Item 1a. Subtract the amount of the annual leave donation (Part I, 6) from the donor applicant's current balance of unused annual leave. (NOTE: If the amount of the annual leave donation exceeds the donor applicant's current balance of unused annual leave, return the form to the employee noting his/her current balance of unused annual leave.) Indicate the amount of unused annual leave remaining after the amount of the annual leave donation is subtracted.

Item 1b. Indicate the donor applicant's current balance of unused sick leave.

Item 1c. Indicate the donor applicant's total amount of unused leave (i.e. 1a + 1b). If this total is less than 80 hours, go to item 3.

Item 2. If the leave donation is being made to an employee paid from a different account than the donor, indicate whether or not funds are available to make the donation.

Item 3. Indicate whether or not the employee is eligible to make the leave donation.

Mark ELIGIBLE if:

- the donor applicant's TOTAL remaining leave balance after deducting the leave donation is at least 80 hours; AND

- if the donation is inter-agency and there are sufficient funds available to make the donation.

Then go to item 4.

Mark NOT ELIGIBLE if:

- the donor applicant's TOTAL remaining leave balance after deducting the leave donation is less than 80 hours; OR

- if the leave donation is inter-agency and there are NOT sufficient funds to make the donation.

Then go to item 3a.

Item 3a.
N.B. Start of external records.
text \<open>The middle range \<open>x/2 < B \<le> x - s\<close> contributes little because \<open>\<Sum>n. n powr c\<close> converges.\<close>

lemma convolution_part_small:
  assumes "0 < \<gamma>"
  shows "\<exists>s::nat. \<exists>X. \<forall>x\<ge>X. integral\<^sup>L M (convolution_part s x) \<le> \<gamma> * G x"
proof -
  obtain K T where K: "0 < K" "0 < T"
    and product_bound: "\<And>u x. T \<le> u \<Longrightarrow> T \<le> x - u - 1 \<Longrightarrow> x \<le> 4 * (x - u - 1) \<Longrightarrow> G u * G (x - u - 1) \<le> K * u powr c * G x"
    using G_product_bound by blast
  have summable: "summable (\<lambda>n. real n powr c)"
    using summable_real_powr_iff[of c] c_less by simp
  obtain N where N: "\<forall>n\<ge>N. norm (\<Sum>i. real (i + n) powr c) < \<gamma> / K"
    using suminf_exist_split[OF _ summable, of "\<gamma> / K"] assms K by auto
  define s :: nat where "s = max N (nat \<lceil>T\<rceil>)"
  have s: "T \<le> real s" "N \<le> s"
    unfolding s_def by linarith+
  have summable_s: "summable (\<lambda>k. real (k + s) powr c)"
    using summable_ignore_initial_segment[OF summable, of s] by simp
  have "integral\<^sup>L M (convolution_part s x) \<le> \<gamma> * G x" if x: "2 * T + 4 \<le> x" for x
  proof -
    define KK where "KK = {k \<in> {..<nat \<lceil>x\<rceil>}. real s + real k < x / 2}"
    have "convolution_part s x \<omega> \<le> (\<Sum>k\<in>KK. G (s + real k) * indicator {\<omega> \<in> space M. B \<omega> > x - s - real k - 1} \<omega>)"
      if "\<omega> \<in> space M" for \<omega>
      unfolding KK_def by (rule convolution_part_le_sum) (use that in auto)
    then have "integral\<^sup>L M (convolution_part s x)
        \<le> (\<integral>\<omega>. (\<Sum>k\<in>KK. G (s + real k) * indicator {\<omega> \<in> space M. B \<omega> > x - s - real k - 1} \<omega>) \<partial>M)"
      by (intro integral_mono integrable_convolution_part Bochner_Integration.integrable_sum integrable_mult_right
          integrable_indicator_B_greater)
    also have "\<dots> = (\<Sum>k\<in>KK. G (s + real k) * G (x - s - real k - 1))"
      by (subst Bochner_Integration.integral_sum) (simp_all add: integrable_indicator_B_greater G_def)
    also have "\<dots> \<le> (\<Sum>k\<in>KK. K * real (k + s) powr c * G x)"
    proof (rule sum_mono)
      fix k assume "k \<in> KK"
      then have "T \<le> x - (s + real k) - 1" "x \<le> 4 * (x - (s + real k) - 1)"
        using x s K(2) unfolding KK_def by auto
      then show "G (s + real k) * G (x - s - real k - 1) \<le> K * real (k + s) powr c * G x"
        using product_bound[of "s + real k" x] s by (simp add: add.commute diff_diff_eq)
    qed
    also have "\<dots> = K * G x * (\<Sum>k\<in>KK. real (k + s) powr c)"
      by (simp add: sum_distrib_left mult_ac)
    also have "\<dots> \<le> K * G x * (\<Sum>k. real (k + s) powr c)"
      using K G_nonneg by (intro mult_left_mono sum_le_suminf[OF summable_s]) (auto simp: KK_def)
    also have "\<dots> \<le> K * G x * (\<gamma> / K)"
      using K G_nonneg N s by (intro mult_left_mono) (auto simp: less_imp_le add.commute)
    finally show ?thesis
      using K by (simp add: mult.commute)
  qed
  then show ?thesis
    by blast
qed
Indicate the reason the donor applicant is "NOT ELIGIBLE". The reason will be one of the following.

- The balance of total leave remaining after the leave donation is subtracted is less than 80 hours. OR

- The donation would be inter-agency and the donor's agency does not have sufficient funds to make the donation.

Item 4. Indicate the donor's hourly rate of pay. This rate is calculated by dividing the donor's base annual salary (i.e. without increment) by the number of hours in a work year. Generally, this will be 2,080 hours for a full time employee with a 40 hour/week work schedule. For a part-time employee, the calculation should be done on a pro rata basis in proportion to the regular full time schedule in his/her agency.

Item 5. Indicate the dollar value of the leave donation. This value is calculated by multiplying the total number of annual leave hours donated by the donor's hourly rate of pay.

Item 6. Indicate the FIMS account information for the donor (see page 7, number 9 "FIMS Account Information").

Item 7. Sign and print or type your name.

Item 8. Indicate the date you completed Part II.

Item 9. Indicate your "working" title --- e.g. Timekeeper, Payroll Supervisor, Office Manager, etc.

Item 10. Indicate your work phone number.

Once Part II of the APPLICATION TO DONATE ANNUAL LEAVE is completed, either:

- return a copy of the APPLICATION TO DONATE ANNUAL LEAVE to the donor applicant if the employee is NOT eligible; or

- if the donor applicant is eligible and is paid from the same account as the designated recipient, forward a copy of the APPLICATION TO DONATE ANNUAL LEAVE to the person in your agency responsible for payroll; or

- if the donor applicant is eligible but is NOT paid from the same account as the designated recipient, complete Part I of the INTER-AGENCY DONATION FORM (Appendix D) as follows.

Item 1. Indicate the name of the agency employing the donor.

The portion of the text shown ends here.